Fig. 1—ESEM topographical image and corresponding EDS spectra from the treated core-plug sample.

Excessive water production from hydrocarbon-producing wells can adversely affect the economic life of the well. The major challenge for water control in carbonate reservoirs is polymer bonding to the rock surface. Most commercial products are designed for sandstone formations, and most polymers will not strongly adsorb to carbonate reservoirs. A new water-shutoff polymer system has been developed for carbonate formations and shows great stability.


The objective of the project was to develop additives to be used as a smart sealant that can be used to control unwanted water production. Treatment of water associated with hydrocarbon production is a key goal because the production of salt water has resulted in serious environmental issues. Excess water production makes a well unproductive and economically inefficient, leading to early abandonment of wells and reduction in hydrocarbon production.

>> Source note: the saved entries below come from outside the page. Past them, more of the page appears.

section \<open>Positive monoids\<close>

definition positive_monoid :: "real set \<Rightarrow> bool" where
  "positive_monoid M \<longleftrightarrow> 0 \<in> M \<and> (\<forall>x\<in>M. 0 \<le> x) \<and> (\<forall>x\<in>M. \<forall>y\<in>M. x + y \<in> M)"

definition divisors :: "real set \<Rightarrow> real \<Rightarrow> real set" where
  "divisors M x = {u \<in> M. x - u \<in> M}"

definition decompositions :: "real set \<Rightarrow> real \<Rightarrow> real multiset set" where
  "decompositions M x = {E. (\<forall>e\<in>#E. e \<in> M \<and> e \<noteq> 0) \<and> sum_mset E = x}"

lemma size_mult_le_sum_mset:
  fixes E :: "real multiset"
  shows "\<forall>e\<in>#E. c \<le> e \<Longrightarrow> real (size E) * c \<le> sum_mset E"
  by (induction E) (auto simp: algebra_simps)

lemma finite_msets_sum_le:
  fixes V :: "real set"
  assumes "finite V" "\<And>v. v \<in> V \<Longrightarrow> 0 < v"
  shows "finite {E. set_mset E \<subseteq> V \<and> sum_mset E \<le> x}"
proof -
  define c where "c = Min (insert 1 V)"
  have c: "0 < c" "\<And>v. v \<in> V \<Longrightarrow> c \<le> v"
    using assms by (auto simp: c_def)
  have "{E. set_mset E \<subseteq> V \<and> sum_mset E \<le> x} \<subseteq> (\<Union>n\<le>nat \<lfloor>x / c\<rfloor>. multisets_of_size V n)"
  proof
    fix E assume "E \<in> {E. set_mset E \<subseteq> V \<and> sum_mset E \<le> x}"
    then have E: "set_mset E \<subseteq> V" "sum_mset E \<le> x" by auto
    then have "real (size E) * c \<le> x"
      using size_mult_le_sum_mset[of E c] c(2) by fastforce
    then have "size E \<le> nat \<lfloor>x / c\<rfloor>"
      using c(1) by (intro le_nat_floor) (simp add: field_simps)
    with E(1) show "E \<in> (\<Union>n\<le>nat \<lfloor>x / c\<rfloor>. multisets_of_size V n)"
      by (auto simp: multisets_of_size_def)
  qed
  moreover have "finite (\<Union>n\<le>nat \<lfloor>x / c\<rfloor>. multisets_of_size V n)"
    using assms(1) by auto
  ultimately show ?thesis by (rule finite_subset)
qed

context
  fixes M :: "real set"
  assumes M: "positive_monoid M"
begin

lemma positive_monoid_zero: "0 \<in> M"
  using M by (simp add: positive_monoid_def)

lemma positive_monoid_nonneg: "x \<in> M \<Longrightarrow> 0 \<le> x"
  using M by (simp add: positive_monoid_def)

lemma positive_monoid_add: "x \<in> M \<Longrightarrow> y \<in> M \<Longrightarrow> x + y \<in> M"
  using M by (simp add: positive_monoid_def)

lemma positive_monoid_sum_mset: "(\<And>e. e \<in># E \<Longrightarrow> e \<in> M) \<Longrightarrow> sum_mset E \<in> M"
  by (induction E) (auto intro: positive_monoid_zero positive_monoid_add)

lemma positive_monoid_unit_iff: "mon_unit M u \<longleftrightarrow> u = 0"
  using positive_monoid_zero positive_monoid_nonneg unfolding mon_unit_def
  by (metis add.right_neutral add_nonneg_eq_0_iff)

lemma positive_monoid_atom_iff:
  "mon_atom M a \<longleftrightarrow> a \<in> M \<and> a \<noteq> 0 \<and> (\<forall>x\<in>M. \<forall>y\<in>M. a = x + y \<longrightarrow> x = 0 \<or> y = 0)"
  by (simp add: mon_atom_def positive_monoid_unit_iff)

lemma factorizations_subset_decompositions: "factorizations M x \<subseteq> decompositions M x"
  by (auto simp: factorizations_def decompositions_def positive_monoid_atom_iff)

lemma mem_divisors_sum_mset:
  assumes "a \<in># E" "\<And>e. e \<in># E \<Longrightarrow> e \<in> M"
  shows "a \<in> divisors M (sum_mset E)"
proof -
  obtain E' where "E = add_mset a E'" using assms(1) by (metis multi_member_split)
  then show ?thesis using assms by (auto simp: divisors_def intro!: positive_monoid_sum_mset)
qed

lemma factorization_exists:
  assumes "mon_atomic M" "x \<in> M"
  obtains A where "A \<in> factorizations M x"
proof (cases "x = 0")
  case True
  then show ?thesis using that[of "{#}"] by (simp add: factorizations_def)
next
  case False
  then show ?thesis
    using assms that by (auto simp: mon_atomic_def factorizations_def positive_monoid_unit_iff)
qed

lemma finite_decompositions:
  assumes "finite (divisors M x)"
  shows "finite (decompositions M x)"
proof -
  have "decompositions M x \<subseteq> {E. set_mset E \<subseteq> divisors M x - {0} \<and> sum_mset E \<le> x}"
    using mem_divisors_sum_mset by (auto simp: decompositions_def)
  moreover have "finite {E. set_mset E \<subseteq> divisors M x - {0} \<and> sum_mset E \<le> x}"
    using assms positive_monoid_nonneg
    by (intro finite_msets_sum_le) (auto simp: divisors_def less_le)
  ultimately show ?thesis by (rule finite_subset)
qed

lemma longest_decomposition_mem_factorizations:
  assumes E: "E \<in> decompositions M x"
    and longest: "\<And>E'. E' \<in> decompositions M x \<Longrightarrow> size E' \<le> size E"
  shows "E \<in> factorizations M x"
proof -
  have "mon_atom M e" if "e \<in># E" for e
    unfolding positive_monoid_atom_iff
  proof (intro conjI ballI impI)
    show "e \<in> M" "e \<noteq> 0" using E \<open>e \<in># E\<close> by (auto simp: decompositions_def)
    fix y z assume yz: "y \<in> M" "z \<in> M" "e = y + z"
    obtain E0 where E0: "E = add_mset e E0" using \<open>e \<in># E\<close> by (metis multi_member_split)
    show "y = 0 \<or> z = 0"
    proof (rule ccontr)
      assume "\<not> (y = 0 \<or> z = 0)"
      then have "add_mset y (add_mset z E0) \<in> decompositions M x"
        using E E0 yz by (auto simp: decompositions_def)
      from longest[OF this] show False using E0 by simp
    qed
  qed
  then show ?thesis using E by (auto simp: decompositions_def factorizations_def)
qed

Reservoir heterogeneity is the single most important cause of low oil recovery and early excess water production. Gel treatments have been used extensively in field applications to improve oil recovery and suppress water production. Gel treatments at injection wells to plug water thief zones are a proven cost-effective method to improve sweep efficiency. In addition, gel treatments reduce excess water production during hydrocarbon production.

The initial focus of the project was to develop materials that impart relative permeability modification in naturally fractured carbonate reservoirs with permeability from 1 to 3 darcies in the Ghawar Field, which is a heterogeneous carbonate.


Chemical functionality that can bond strongly to the target carbonate reservoirs is an extremely important component of the development of the smart sealant. Methodologies to provide strong adhesion to carbonate surfaces, and hence to formations, have been developed using silicon-containing molecules. In addition, the additives developed have shown promise on both water- and oil-wet surfaces.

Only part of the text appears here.